I knew I was starting to get a grip on it when I was driving our family home one day. Both kids were screaming, there was an awful song on the radio and my husband was moaning about something or other I suddenly snapped “For God’s sake, I’d rather be listening to my tinnitus than you lot!!!!”
At my next ENT appointment the lady gave me some sheets of paper to start my Cognitive Behavioural Therapy. I was to write down when I had a thought about my tinnitus and to explore my feelings surrounding it. On day 2 of this exercise I felt really down. And then I had a big thought: “There is no longer any point in me continuing this project as it is making the tinnitus the main focus in my life again.” I called the Chesterfield Tinnitus Support Group once again to ask if I was on the right track with this and they reassured me that I had hit the nail on the head!
So I carried on every day practising. I would not give this tinnitus the attention it craved to stay alive. How did I do this? Distraction at first. Self discipline. Courage. Patience. Realising that I was not the most important person in my life. Realising that it was my choice to suffer tinnitus or to live with it happily. My focus went back onto my family. I chose to enjoy my newborn baby girl and my son. Soon they won’t be babies any longer. I don’t want to miss it. I have got better things to do in my life than sit here listening to my tinnitus!

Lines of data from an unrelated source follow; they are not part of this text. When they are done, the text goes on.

(* Let $p$ be a prime, $k\ge 1$ and $n\ge 0$ integers, $\alpha_0,\dots,\alpha_{n-1}\in\mathbb{Z}_p$ and $r_0,\dots,r_{n-1}$ nonnegative integers, with $|r|=r_0+\cdots+r_{n-1}$. Define $$\check{D}_{n;\bar{\alpha},\bar{r}}^{(k)}=\int_{\mathbb{Z}_p}\cdots\int_{\mathbb{Z}_p}\prod_{i=0}^{n-1}(x_1x_2\cdots x_k-\alpha_i)^{r_i}\,d\mu_0(x_1)\cdots d\mu_0(x_k).$$ Then $$\check{D}_{n;\bar{\alpha},\bar{r}}^{(k)}=\sum_{m=0}^{|r|}s_{\bar{\alpha}}(n,m;\bar{r})\sum_{\ell_1=0}^{m}\cdots\sum_{\ell_k=0}^{m}\prod_{i=1}^{k}\frac{(-1)^{\ell_i}\,\ell_i!\,S(m,\ell_i)}{\ell_i+1}.$$
   Context: For a polynomial (more generally uniformly differentiable) function $f:\mathbb{Z}_p\to\mathbb{C}_p$, the Volkenborn ($p$-adic invariant) integral is $\int_{\mathbb{Z}_p}f(x)\,d\mu_0(x)=\lim_{N\to\infty}p^{-N}\sum_{x=0}^{p^N-1}f(x)$; multiple integrals are iterated integrals in each variable. $S(m,\ell)$ are the Stirling numbers of the second kind, $x^m=\sum_{\ell=0}^m S(m,\ell)x(x-1)\cdots(x-\ell+1)$. The generalized Comtet numbers of the first kind $s_{\bar\alpha}(n,m;\bar r)$ are defined by $\prod_{i=0}^{n-1}(x-\alpha_i)^{r_i}=\sum_{m=0}^{|r|}s_{\bar\alpha}(n,m;\bar r)x^m$, where $\bar\alpha=(\alpha_0,\dots,\alpha_{n-1})$, $\bar r=(r_0,\dots,r_{n-1})$. *)

theory Defs
  imports "HOL-Computational_Algebra.Polynomial" "HOL-Combinatorics.Stirling"
    "HOL-Library.FuncSet" "HOL-Library.Cardinality" "HOL-Number_Theory.Cong"
begin

section \<open>The field Q_p of p-adic numbers, with p = CARD('p)\<close>

class prime_card = finite +
  assumes prime_card: "prime (CARD('a))"

text \<open>A p-adic integer is represented by a compatible sequence of integers
  f N, where f N is a representative of the residue mod p^N.\<close>

definition compat :: "nat \<Rightarrow> (nat \<Rightarrow> int) \<Rightarrow> bool" where
  "compat p f \<longleftrightarrow> (\<forall>N. [f (Suc N) = f N] (mod (int p ^ N)))"

text \<open>A p-adic number is represented by a pair (e, f) standing for f / p^e.\<close>

type_synonym 'p qp_raw = "'p itself \<times> nat \<times> (nat \<Rightarrow> int)"

definition qrel :: "'p qp_raw \<Rightarrow> 'p qp_raw \<Rightarrow> bool" where
  "qrel a b \<longleftrightarrow> compat CARD('p) (snd (snd a)) \<and> compat CARD('p) (snd (snd b)) \<and>
     (\<forall>N. [int CARD('p) ^ fst (snd b) * snd (snd a) N = int CARD('p) ^ fst (snd a) * snd (snd b) N] (mod (int CARD('p) ^ N)))"

lemma compat_shift:
  assumes "compat p f" shows "[f (N + k) = f N] (mod (int p ^ N))"
proof (induction k)
  case 0 then show ?case by simp
next
  case (Suc k)
  have "[f (Suc (N + k)) = f (N + k)] (mod (int p ^ (N + k)))"
    using assms unfolding compat_def by blast
  then have "[f (Suc (N + k)) = f (N + k)] (mod (int p ^ N))"
    by (rule cong_dvd_modulus) (simp add: le_imp_power_dvd)
  then show ?case using Suc by (simp add: cong_trans)
qed

lemma compat_cancel:
  assumes p: "p > 0" and c: "compat p d"
    and h: "\<And>N. [int p ^ e * d N = 0] (mod (int p ^ N))"
  shows "[d N = 0] (mod (int p ^ N))"
proof -
  have "[int p ^ e * d (N + e) = 0] (mod (int p ^ (N + e)))" using h by blast
  then have "int p ^ N * int p ^ e dvd int p ^ e * d (N + e)"
    by (simp add: cong_0_iff power_add)
  then have "int p ^ N dvd d (N + e)"
    using p by (simp add: mult.commute)
  then have "[d (N + e) = 0] (mod (int p ^ N))" by (simp add: cong_0_iff)
  moreover have "[d (N + e) = d N] (mod (int p ^ N))" using compat_shift[OF c] .
  ultimately show ?thesis by (meson cong_sym cong_trans)
qed

lemma compat_add: "compat p f \<Longrightarrow> compat p g \<Longrightarrow> compat p (\<lambda>N. f N + g N)"
  unfolding compat_def by (simp add: cong_add)
lemma compat_mult: "compat p f \<Longrightarrow> compat p g \<Longrightarrow> compat p (\<lambda>N. f N * g N)"
  unfolding compat_def by (simp add: cong_mult)
lemma compat_const: "compat p (\<lambda>N. c)"
  unfolding compat_def by simp
lemma compat_scale: "compat p f \<Longrightarrow> compat p (\<lambda>N. c * f N)"
  using compat_mult[OF compat_const] by blast
lemma compat_neg: "compat p f \<Longrightarrow> compat p (\<lambda>N. - f N)"
  unfolding compat_def by (simp add: cong_minus_minus_iff)

lemma qrel_part_equivp: "part_equivp (qrel :: 'p::prime_card qp_raw \<Rightarrow> _)"
proof (rule part_equivpI)
  show "\<exists>x. (qrel :: 'p qp_raw \<Rightarrow> _) x x"
    by (rule exI[of _ "(TYPE('p), 0, \<lambda>_. 0)"]) (simp add: qrel_def compat_const)
  show "symp ((qrel :: 'p qp_raw \<Rightarrow> _))"
    unfolding symp_def qrel_def by (auto simp: cong_sym)
  show "transp ((qrel :: 'p qp_raw \<Rightarrow> _))"
  proof (rule transpI)
    fix a b c assume ab: "(qrel :: 'p qp_raw \<Rightarrow> _) a b" and bc: "(qrel :: 'p qp_raw \<Rightarrow> _) b c"
    obtain t1 e1 f1 where a: "a = (t1, e1, f1)" by (cases a) auto
    obtain t2 e2 f2 where b: "b = (t2, e2, f2)" by (cases b) auto
    obtain t3 e3 f3 where c: "c = (t3, e3, f3)" by (cases c) auto
    define p where "p = int CARD('p)"
    have pp: "CARD('p) > 0" using prime_card[where 'a='p] prime_gt_0_nat by blast
    have c1: "compat CARD('p) f1" and c3: "compat CARD('p) f3"
      using ab bc a c by (auto simp: qrel_def)
    have h1: "[p ^ e2 * f1 N = p ^ e1 * f2 N] (mod p ^ N)" for N
      using ab a b by (auto simp: qrel_def p_def)
    have h2: "[p ^ e3 * f2 N = p ^ e2 * f3 N] (mod p ^ N)" for N
      using bc b c by (auto simp: qrel_def p_def)
    define d where "d = (\<lambda>N. p ^ e3 * f1 N - p ^ e1 * f3 N)"
    have cd: "compat CARD('p) d" unfolding d_def
      using compat_add[OF compat_scale[OF c1] compat_neg[OF compat_scale[OF c3]]]
      by (simp add: p_def)
    have "[p ^ e2 * d N = 0] (mod p ^ N)" for N
    proof -
      have "[p ^ e3 * (p ^ e2 * f1 N) = p ^ e3 * (p ^ e1 * f2 N)] (mod p ^ N)"
        using h1 by (rule cong_scalar_left)
      moreover have "[p ^ e1 * (p ^ e3 * f2 N) = p ^ e1 * (p ^ e2 * f3 N)] (mod p ^ N)"
        using h2 by (rule cong_scalar_left)
      ultimately have "[p ^ e3 * (p ^ e2 * f1 N) = p ^ e1 * (p ^ e2 * f3 N)] (mod p ^ N)"
        by (metis (no_types, lifting) cong_trans mult.left_commute)
      then have "[p ^ e3 * (p ^ e2 * f1 N) - p ^ e1 * (p ^ e2 * f3 N) = 0] (mod p ^ N)"
        by (simp add: cong_diff_iff_cong_0)
      then show ?thesis by (simp add: d_def algebra_simps)
    qed
    then have "[d N = 0] (mod p ^ N)" for N
      using compat_cancel[OF pp cd, of e2] by (simp add: p_def)
    then have "[p ^ e3 * f1 N = p ^ e1 * f3 N] (mod p ^ N)" for N
      by (simp add: d_def cong_diff_iff_cong_0)
    then show "(qrel :: 'p qp_raw \<Rightarrow> _) a c" using a c c1 c3 by (simp add: qrel_def p_def)
  qed
qed

quotient_type (overloaded) 'p qp = "'p::prime_card qp_raw" / partial: qrel
  by (rule qrel_part_equivp)

definition plus_raw :: "'p qp_raw \<Rightarrow> 'p qp_raw \<Rightarrow> 'p qp_raw" where
  "plus_raw a b = (case a of (t, e, f) \<Rightarrow> case b of (_, d, g) \<Rightarrow>
     (t, e + d, \<lambda>N. int CARD('p) ^ d * f N + int CARD('p) ^ e * g N))"
definition minus_raw :: "'p qp_raw \<Rightarrow> 'p qp_raw \<Rightarrow> 'p qp_raw" where
  "minus_raw a b = (case a of (t, e, f) \<Rightarrow> case b of (_, d, g) \<Rightarrow>
     (t, e + d, \<lambda>N. int CARD('p) ^ d * f N - int CARD('p) ^ e * g N))"
definition times_raw :: "'p qp_raw \<Rightarrow> 'p qp_raw \<Rightarrow> 'p qp_raw" where
  "times_raw a b = (case a of (t, e, f) \<Rightarrow> case b of (_, d, g) \<Rightarrow>
     (t, e + d, \<lambda>N. f N * g N))"
definition uminus_raw :: "'p qp_raw \<Rightarrow> 'p qp_raw" where
  "uminus_raw a = (case a of (t, e, f) \<Rightarrow> (t, e, \<lambda>N. - f N))"

lemma qrel_iff: "qrel (t, e, f) (t', e', g) \<longleftrightarrow> compat CARD('p) f \<and> compat CARD('p) g \<and>
   (\<forall>N. [int CARD('p) ^ e' * f N = int CARD('p) ^ e * g N] (mod (int CARD('p) ^ N)))"
  for t t' :: "'p itself"
  by (simp add: qrel_def qrel_def)

lemma compat_pp: "compat CARD('p) f \<longleftrightarrow> (\<forall>N. [f (Suc N) = f N] (mod (int CARD('p) ^ N)))"
  by (simp add: compat_def qrel_def)

lemma plus_raw_rsp:
  fixes x y x' y' :: "'p qp_raw"
  assumes "qrel x y" "qrel x' y'"
  shows "qrel (plus_raw x x') (plus_raw y y')"
proof -
  obtain t1 e1 f1 where x: "x = (t1, e1, f1)" by (cases x) auto
  obtain t2 e2 f2 where y: "y = (t2, e2, f2)" by (cases y) auto
  obtain s1 d1 g1 where x': "x' = (s1, d1, g1)" by (cases x') auto
  obtain s2 d2 g2 where y': "y' = (s2, d2, g2)" by (cases y') auto
  define p where "p = int CARD('p)"
  have A: "compat CARD('p) f1" "compat CARD('p) f2" "compat CARD('p) g1" "compat CARD('p) g2"
    and h1: "\<And>N. [p ^ e2 * f1 N = p ^ e1 * f2 N] (mod p ^ N)"
    and h2: "\<And>N. [p ^ d2 * g1 N = p ^ d1 * g2 N] (mod p ^ N)"
    using assms x y x' y' by (auto simp: qrel_iff p_def)
  have "[p ^ (e2 + d2) * (p ^ d1 * f1 N + p ^ e1 * g1 N) =
         p ^ (e1 + d1) * (p ^ d2 * f2 N + p ^ e2 * g2 N)] (mod p ^ N)" for N
  proof -
    have "[p ^ (d1 + d2) * (p ^ e2 * f1 N) + p ^ (e1 + e2) * (p ^ d2 * g1 N) =
           p ^ (d1 + d2) * (p ^ e1 * f2 N) + p ^ (e1 + e2) * (p ^ d1 * g2 N)] (mod p ^ N)"
      by (intro cong_add cong_scalar_left h1 h2)
    then show ?thesis by (simp add: algebra_simps power_add)
  qed
  moreover have "compat CARD('p) (\<lambda>N. p ^ d1 * f1 N + p ^ e1 * g1 N)"
    "compat CARD('p) (\<lambda>N. p ^ d2 * f2 N + p ^ e2 * g2 N)"
    using A by (auto intro!: compat_add compat_scale)
  ultimately show ?thesis using x y x' y'
    by (simp add: plus_raw_def qrel_iff p_def)
qed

“I was in an imaginary prison, with the word tinnitus tattooed onto my body. But today I realised that the prison had no door. I was only in there because I chose to be. Today I simply got up and walked out. I still have the word tinnitus tattooed on my body but I am no longer a captive.”
What do I do when my tinnitus feels loud and important? I remind myself of the parents of Madeleine McCann. They have something they have to live with every day as well – my tinnitus is not so important. I think of my old school friend who was stabbed in the back of the neck and is now a quadriplegic with two young sons to bring up – my tinnitus is not so important.
As a Christian I believe God gave me this challenge to mature me. Now I am a stronger, a more compassionate and a much happier person. It was up to me. I can either rise to the challenge or sit here feeling sorry for myself. I am so much more positive now – in every area of my life. Without tinnitus I would never have had the chance to grow in this way. I have found the books and CD’s of Joyce Meyer to be very helpful.
At this point I would say I am not aware of my tinnitus 90% of the time. My brain no longer sees it as a threatening noise and so filters it out. I have thrown away all my ear plugs, cotton wool and hats! Sometimes I don’t think about it at all. Sometimes I lie in bed and all I hear is silence. My brain is learning to readjust. You can do it too – if you choose to.